3.6. The Use of Thioflavine T in Running Buffer Must Be Carefully Controlled and Validated

It is thought that the fluorescence of the spikes is due to thioflavine T bound to aggregated Aβ 1-40. Indeed, when the CE separation of incubated Aβ 1-40 was performed using a running buffer devoid of thioflavine T, no noticeable spike was observed, even when recording fluorescence at high sensitivity, as shown in Figure S9.
In order to enhance the sensitivity of aggregated Aβ detection, the influence of the concentration of thioflavine T in the running buffer on spike height and level of background fluorescence was determined. For that purpose, a sample of incubated Aβ 1-40 was analyzed in citrate buffer containing thioflavine T in the 0.01 µM to 80 µM range. The results are shown in Figure 4.

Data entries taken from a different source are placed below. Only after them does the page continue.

text \<open>The monomials reachable from a are closed under moves, so summing the coefficients over
  them is a linear functional vanishing on the ideal but not on t^a - t^b.\<close>
lemma binomial_ideal_moves:
  assumes "mono a - mono b \<in> ideal_gen_in R (range (\<lambda>i. mono (u i) - mono (v i)))"
  shows "(binomial_move u v)\<^sup>*\<^sup>* a b"
proof (rule ccontr)
  assume not_reachable: "\<not> (binomial_move u v)\<^sup>*\<^sup>* a b"
  define C where "C = {x. (binomial_move u v)\<^sup>*\<^sup>* a x}"
  have closed: "z + u i \<in> C \<longleftrightarrow> z + v i \<in> C" for z i
    unfolding C_def binomial_move_def by (blast intro: rtranclp.rtrancl_into_rtrancl)
  have vanish: "coeff_mass C (c * (mono (u i) - mono (v i))) = 0" for c i
    using closed by (simp add: right_diff_distrib coeff_mass_diff coeff_mass_mult_mono)
  obtain T c where T: "finite T" "T \<subseteq> range (\<lambda>i. mono (u i) - mono (v i))"
    "mono a - mono b = (\<Sum>g\<in>T. c g * g)"
    using assms unfolding ideal_gen_in_def by blast
  have "coeff_mass C (mono a - mono b) = (\<Sum>g\<in>T. coeff_mass C (c g * g))"
    unfolding T(3) by (rule coeff_mass_sum[OF T(1)])
  also have "\<dots> = 0" using T(2) vanish by (intro sum.neutral) blast
  finally show False
    using not_reachable unfolding C_def by (simp add: mono_def coeff_mass_diff coeff_mass_single)
qed

section \<open>The monomial maps phi and pi\<close>

lemma expsum_add: "expsum (a + b) = (\<lambda>x. expsum a x + expsum b x)"
proof
  fix x
  show "expsum (a + b) x = expsum a x + expsum b x"
    unfolding expsum_def
    by (rule setsum_keys_plus_distrib[where f = "\<lambda>m n. int n * m x"]) (auto simp: algebra_simps)
qed

lemma expsum_single [simp]: "expsum (Poly_Mapping.single m n) = (\<lambda>x. int n * m x)"
  by (simp add: expsum_def fun_eq_iff)

lemma expsum_0 [simp]: "expsum 0 = (\<lambda>x. 0)"
  by (simp add: expsum_def fun_eq_iff)

lemma expsum_pos_imp_factor:
  assumes "0 < expsum a x"
  shows "\<exists>n\<in>Poly_Mapping.keys a. 0 < n x"
proof (rule ccontr)
  assume "\<not> ?thesis"
  then have "expsum a x \<le> 0"
    unfolding expsum_def by (intro sum_nonpos) (auto simp: mult_nonneg_nonpos)
  then show False using assms by simp
qed

lemma pimon_add: "pimon a1 a2 (a + b) = pimon a1 a2 a + pimon a1 a2 b"
  unfolding pimon_def by (rule setsum_keys_plus_distrib) (auto simp: single_add)

lemma pimon_single [simp]:
  "pimon a1 a2 (Poly_Mapping.single m n) = Poly_Mapping.single (pimap a1 a2 m) n"
  by (simp add: pimon_def)

lemma pimon_0 [simp]: "pimon a1 a2 0 = 0"
  by (simp add: pimon_def)

lemma expsum_pimon: "expsum (pimon a1 a2 a) = pimap a1 a2 (expsum a)"
  by (induction a rule: nat_poly_mapping_induct)
    (auto simp: pimon_add expsum_add pimap_def fun_eq_iff)

lemma mdeg_pimon: "mdeg (pimon a1 a2 a) = mdeg a"
  by (induction a rule: nat_poly_mapping_induct) (auto simp: pimon_add mdeg_add)

lemma keys_pimon: "Poly_Mapping.keys (pimon a1 a2 a) \<subseteq> pimap a1 a2 ` Poly_Mapping.keys a"
  by (induction a rule: nat_poly_mapping_induct) (auto simp: pimon_add keys_add_nat)

lemma pimap_in_keys_pimon:
  "m \<in> Poly_Mapping.keys a \<Longrightarrow> pimap a1 a2 m \<in> Poly_Mapping.keys (pimon a1 a2 a)"
  by (subst split_off_key[of m a]) (auto simp: pimon_add keys_add_nat)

The sum of spike heights and the mean height of spikes were enhanced when the thioflavine T concentration was increased up to 20 µM and reached a plateau when the thioflavine T was further enhanced. The level of background fluorescence remained negligible up to 20 µM and increased thereafter. As a consequence, the signal to noise ratio (i.e., the ratio between sum of spike heights and background fluorescence) increased up to a concentration of thioflavine T equal to 20 µM and fell afterwards. Therefore, the optimal concentration of thioflavine T in the 50 mM pH 3.0 sodium citrate buffer seemed to be around 20 µM.

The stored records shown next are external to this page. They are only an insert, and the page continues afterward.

(* Let $\tilde{\mathbf{G}}$ be a degree $2$ cover of $\mathbf{G}=\mathbf{GSp}_{2r}$ (split) with first Brylinski–Deligne invariant $Q_{0,1}$. Then the dual group $\tilde G^\vee$ is isomorphic to $GSp_{2r}$ if $r$ is odd, and to $PGSp_{2r}\times\mathbb{G}_m$ if $r$ is even.
   Context: For $\mathbf{GSp}_{2r}$ with a standard split maximal torus and Borel subgroup, let $e_0,\dots,e_r$ be a basis of the cocharacter lattice $Y$ and $f_0,\dots,f_r$ the dual basis of the character lattice $X$; simple roots are $\alpha_i=f_i-f_{i+1}$ ($1\le i\le r-1$), $\alpha_r=2f_r-f_0$, simple coroots $\alpha_i^\vee=e_i-e_{i+1}$ ($1\le i\le r-1$), $\alpha_r^\vee=e_r$. The Weyl group is $S_r\ltimes\mu_2^r$, with $S_r$ permuting indices $1,\dots,r$ (fixing $e_0$) and involutions $w_j$ with $w_j(e_j)=-e_j$, $w_j(e_i)=e_i$ for $i\ne j,0$, $w_j(e_0)=e_0+e_j$. For integers $\kappa,\nu$, $Q_{\kappa,\nu}$ is the unique Weyl-invariant quadratic form with $Q(e_0)=\kappa$ and $Q(e_i)=\nu$ for $1\le i\le r$. Dual group of a degree $n$ cover with first invariant $Q$: set $\beta_Q(y_1,y_2)=n^{-1}(Q(y_1+y_2)-Q(y_1)-Q(y_2))$, $Y_{Q,n}=\{y\in Y:\beta_Q(y,Y)\subset\mathbb{Z}\}$, $X_{Q,n}=\{x\in n^{-1}X:\langle x,Y_{Q,n}\rangle\subset\mathbb{Z}\}$; for each root $\phi$ put $n_\phi=n/\gcd(n,Q(\phi^\vee))$, $\tilde\phi=n_\phi^{-1}\phi$, $\tilde\phi^\vee=n_\phi\phi^\vee$. The dual group is the split reductive group whose root datum has character lattice $Y_{Q,n}$, roots $\{\tilde\phi^\vee\}$, cocharacter lattice $X_{Q,n}$, coroots $\{\tilde\phi\}$. *)

theory Defs
  imports Complex_Main "HOL-Library.Function_Algebras"
begin

text \<open>Vectors in Q^(N) (finitely many coordinates), used as ambient space for
  character and cocharacter lattices. Coordinates 0..r carry the basis e_0..e_r
  (resp. f_0..f_r).\<close>

type_synonym vec = "nat \<Rightarrow> rat"

definition ev :: "nat \<Rightarrow> vec" where
  "ev i = (\<lambda>j. if j = i then 1 else 0)"

definition smul :: "rat \<Rightarrow> vec \<Rightarrow> vec" where
  "smul c v = (\<lambda>i. c * v i)"

definition Zvec :: "nat \<Rightarrow> vec set" where
  "Zvec r = {v. (\<forall>i. v i \<in> \<int>) \<and> (\<forall>i>r. v i = 0)}"

text \<open>A root datum: ambient dimension, character lattice X, cocharacter lattice Y,
  and the set of pairs (root, corresponding coroot).\<close>
record rdatum =
  rd_dim :: nat
  rd_X :: "vec set"
  rd_Y :: "vec set"
  rd_R :: "(vec \<times> vec) set"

The thioflavine T containing citrate, ammonium acetate or borate buffers exhibited a basal fluorescence. For the three buffers, the values of this residual fluorescence were not constant and exhibited a similar decrease over time (~−10% per hour) as shown in Figure S10. Consequently, to avoid any noticeable effect of such decreases, running buffers were made fresh every other hour. Further studies will be necessary to determine whether such a lowering in basal fluorescence could be due to either the degradation of thioflavine T or to a partial precipitation of this hydrophobic ligand in the aqueous running buffers. According to the results, they may suggest to add a stabilizing compound in the running buffers.

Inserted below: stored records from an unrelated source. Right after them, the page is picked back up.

lemma nested_balls:
  fixes A :: "nat \<Rightarrow> 'a set"
  assumes escape: "\<And>k a r. 0 < r \<Longrightarrow> \<not> {y. a - y \<in> zero_nbhd \<nu> r} \<subseteq> strong_closure \<nu> (A k)"
  obtains r z where "\<And>n. 0 < r n" "\<And>n. r n \<le> (1/2) ^ n"
    "\<And>n. z n - z (Suc n) \<in> zero_nbhd \<nu> (r n / 2 - r (Suc n) / 2)"
    "\<And>n b. b \<in> A n \<Longrightarrow> z (Suc n) - b \<notin> zero_nbhd \<nu> (r (Suc n))"
proof -
  define ball_ok where "ball_ok n zr \<longleftrightarrow> 0 < snd zr \<and> snd zr \<le> (1/2::real) ^ n"
    for n and zr :: "'a \<times> real"
  define next_ball where "next_ball n zr zr' \<longleftrightarrow> snd zr' \<le> snd zr / 4
      \<and> fst zr - fst zr' \<in> zero_nbhd \<nu> (snd zr / 4) \<and> (\<forall>b\<in>A n. fst zr' - b \<notin> zero_nbhd \<nu> (snd zr'))"
    for n and zr zr' :: "'a \<times> real"
  have "\<exists>f. \<forall>n. ball_ok n (f n) \<and> next_ball n (f n) (f (Suc n))"
  proof (rule dependent_nat_choice)
    show "\<exists>zr. ball_ok 0 zr" unfolding ball_ok_def by (intro exI[of _ "(0, 1)"]) simp
  next
    fix zr n assume "ball_ok n zr"
    obtain z r where zr: "zr = (z, r)" by force
    have r: "0 < r" "r \<le> (1/2) ^ n" using \<open>ball_ok n zr\<close> zr unfolding ball_ok_def by auto
    then have "0 < r / 4" by simp
    then obtain y where y: "z - y \<in> zero_nbhd \<nu> (r / 4)" "y \<notin> strong_closure \<nu> (A n)"
      using escape by blast
    then obtain \<rho> where \<rho>: "0 < \<rho>" and avoid: "\<forall>b\<in>A n. y - b \<notin> zero_nbhd \<nu> \<rho>"
      unfolding strong_closure_def by blast
    define r' where "r' = min \<rho> (r / 4)"
    have "\<forall>b\<in>A n. y - b \<notin> zero_nbhd \<nu> r'"
      using avoid zero_nbhd_mono[of r' \<rho>] unfolding r'_def by auto
    moreover have "0 < r'" "r' \<le> r / 4" "r' \<le> (1/2) ^ Suc n"
      using r \<rho> unfolding r'_def by auto
    ultimately have "ball_ok (Suc n) (y, r') \<and> next_ball n zr (y, r')"
      using y(1) zr unfolding ball_ok_def next_ball_def by simp
    then show "\<exists>zr'. ball_ok (Suc n) zr' \<and> next_ball n zr zr'" ..
  qed
  then obtain f where f: "\<And>n. ball_ok n (f n) \<and> next_ball n (f n) (f (Suc n))" by blast
  show ?thesis
  proof
    show r: "0 < snd (f n)" "snd (f n) \<le> (1/2) ^ n" for n
      using f[of n] unfolding ball_ok_def by auto
    show "b \<in> A n \<Longrightarrow> fst (f (Suc n)) - b \<notin> zero_nbhd \<nu> (snd (f (Suc n)))" for n b
      using f[of n] unfolding next_ball_def by auto
    show "fst (f n) - fst (f (Suc n)) \<in> zero_nbhd \<nu> (snd (f n) / 2 - snd (f (Suc n)) / 2)" for n
    proof (rule zero_nbhd_mono)
      show "snd (f n) / 4 \<le> snd (f n) / 2 - snd (f (Suc n)) / 2"
        using f[of n] r(1)[of n] unfolding next_ball_def by linarith
      show "fst (f n) - fst (f (Suc n)) \<in> zero_nbhd \<nu> (snd (f n) / 4)"
        using f[of n] unfolding next_ball_def by simp
    qed
  qed
qed

text \<open>Baire category theorem. Were it false, the centres of the nested balls above would
  converge to a point lying in no \<open>A k\<close>.\<close>

theorem baire_category:
  fixes A :: "nat \<Rightarrow> 'a set"
  assumes complete: "strongly_complete \<nu>" and cover: "\<And>y. \<exists>k. y \<in> A k"
  shows "\<exists>k a r. 0 < r \<and> {y. a - y \<in> zero_nbhd \<nu> r} \<subseteq> strong_closure \<nu> (A k)"
proof (rule ccontr)
  assume "\<not> ?thesis"
  then have "\<not> {y. a - y \<in> zero_nbhd \<nu> r} \<subseteq> strong_closure \<nu> (A k)" if "0 < r" for k a r
    using that by blast
  then obtain r z where r: "\<And>n. 0 < r n" "\<And>n. r n \<le> (1/2) ^ n"
    and steps: "\<And>n. z n - z (Suc n) \<in> zero_nbhd \<nu> (r n / 2 - r (Suc n) / 2)"
    and avoid: "\<And>n b. b \<in> A n \<Longrightarrow> z (Suc n) - b \<notin> zero_nbhd \<nu> (r (Suc n))"
    by (rule nested_balls[of A]) blast+
  have "r \<longlonglongrightarrow> 0"
    by (rule Lim_null_comparison[of _ "\<lambda>n. (1/2) ^ n"])
      (use r in \<open>auto intro!: always_eventually LIMSEQ_power_zero simp: abs_of_pos\<close>)
  then have "(\<lambda>n. r n / 2) \<longlonglongrightarrow> 0" by (simp add: tendsto_divide_zero)
  then obtain w where w: "strong_conv \<nu> z w"
    using complete strong_Cauchy_if_steps[of z "\<lambda>n. r n / 2", OF steps]
    unfolding strongly_complete_def by blast
  obtain k where k: "w \<in> A k" using cover by blast
  have "eventually (\<lambda>m. w - z m \<in> zero_nbhd \<nu> (r (Suc k) / 2)) sequentially"
    using w r(1)[of "Suc k"] unfolding strong_conv_def strong_nbhd_eq by simp
  then obtain M where M: "\<And>m. M \<le> m \<Longrightarrow> w - z m \<in> zero_nbhd \<nu> (r (Suc k) / 2)"
    unfolding eventually_sequentially by blast
  define m where "m = max M (Suc (Suc k))"
  have "z (Suc k) - z m \<in> zero_nbhd \<nu> (r (Suc k) / 2 - r m / 2)"
    using zero_nbhd_telescope[of z "\<lambda>n. r n / 2", OF steps] unfolding m_def by simp
  then have "z (Suc k) - z m \<in> zero_nbhd \<nu> (r (Suc k) / 2)"
    by (rule zero_nbhd_mono[rotated]) (use r(1)[of m] in simp)
  from zero_nbhd_diff[OF this M[of m]]
  have "z (Suc k) - z m - (w - z m) \<in> zero_nbhd \<nu> (r (Suc k) / 2 + r (Suc k) / 2)"
    unfolding m_def by simp
  then show False using avoid[OF k] by simp
qed

lemma istopology_strong:
  "istopology (\<lambda>U. \<forall>p\<in>U. \<exists>t>0. strong_nbhd \<nu> p t \<subseteq> U)"
  unfolding istopology_def
proof (intro conjI allI impI ballI)
  fix S U :: "'a set" and p
  assume S: "\<forall>p\<in>S. \<exists>t>0. strong_nbhd \<nu> p t \<subseteq> S" and U: "\<forall>p\<in>U. \<exists>t>0. strong_nbhd \<nu> p t \<subseteq> U"
    and "p \<in> S \<inter> U"
  then obtain s t where "0 < s" "0 < t" "strong_nbhd \<nu> p s \<subseteq> S" "strong_nbhd \<nu> p t \<subseteq> U"
    by blast
  moreover have "strong_nbhd \<nu> p (min s t) \<subseteq> strong_nbhd \<nu> p s \<inter> strong_nbhd \<nu> p t"
    unfolding strong_nbhd_eq by (auto intro: zero_nbhd_mono[rotated])
  ultimately show "\<exists>r>0. strong_nbhd \<nu> p r \<subseteq> S \<inter> U"
    by (intro exI[of _ "min s t"]) auto
next
  fix \<K> :: "'a set set" and p
  assume "\<forall>K\<in>\<K>. \<forall>p\<in>K. \<exists>t>0. strong_nbhd \<nu> p t \<subseteq> K" and "p \<in> \<Union>\<K>"
  then show "\<exists>t>0. strong_nbhd \<nu> p t \<subseteq> \<Union>\<K>" by (meson Union_upper order_trans UnionE)
qed

lemma openin_strong_topology:
  "openin (strong_topology \<nu>) U \<longleftrightarrow> (\<forall>p\<in>U. \<exists>t>0. strong_nbhd \<nu> p t \<subseteq> U)"
  unfolding strong_topology_def by (subst topology_inverse'[OF istopology_strong]) auto

lemma topspace_strong_topology [simp]: "topspace (strong_topology \<nu>) = UNIV"
  using openin_subset[of "strong_topology \<nu>" UNIV]
  unfolding openin_strong_topology by (metis top.extremum zero_less_one top.extremum_uniqueI)

end

locale pn_operator = V: pn_space \<nu> + W: pn_space \<mu>
  for \<nu> :: "'a::real_vector \<Rightarrow> real \<Rightarrow> real" and \<mu> :: "'b::real_vector \<Rightarrow> real \<Rightarrow> real" +
  fixes T :: "'a \<Rightarrow> 'b"
  assumes linear: "linear T"
begin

In our method, the aggregated Aβ sample did not contain any ligand and was injected into a capillary filled with a running buffer containing thioflavine T, relying on the assumption that the binding of thioflavine T to Aβ aggregates was highly rapid and occurred completely within the migration time range. In order to validate this procedure, we sought to determine if the same amount of spikes could be obtained when decreasing the contact time between the thioflavine T and the sample. For that purpose, the sample was injected into a capillary filled with a running buffer devoid of ligand and this step was followed by the insertion of an inlet reservoir filled with buffer containing thioflavine T just before applying voltage. As both Aβ aggregates and thioflavine T were positively charged at the pH of the citrate buffer used, they were mixed when migrating together towards the cathode at the capillary outlet, through a running buffer initially devoid of ligand. In such a “sweeping-like” mode of binding, the Aβ aggregates reacted with thioflavine T during a shorter time as compared to the initial procedure, in which the whole capillary was filled with thioflavine T-containing buffer. As shown in Figure S11, the number and size of spikes were not reduced when the contact time between Aβ aggregates and thioflavine T was decreased by that way. That result strongly suggested that the binding of thioflavine T to Aβ aggregates was a fast event, supporting the assumption that it occurred completely when using the initial procedure.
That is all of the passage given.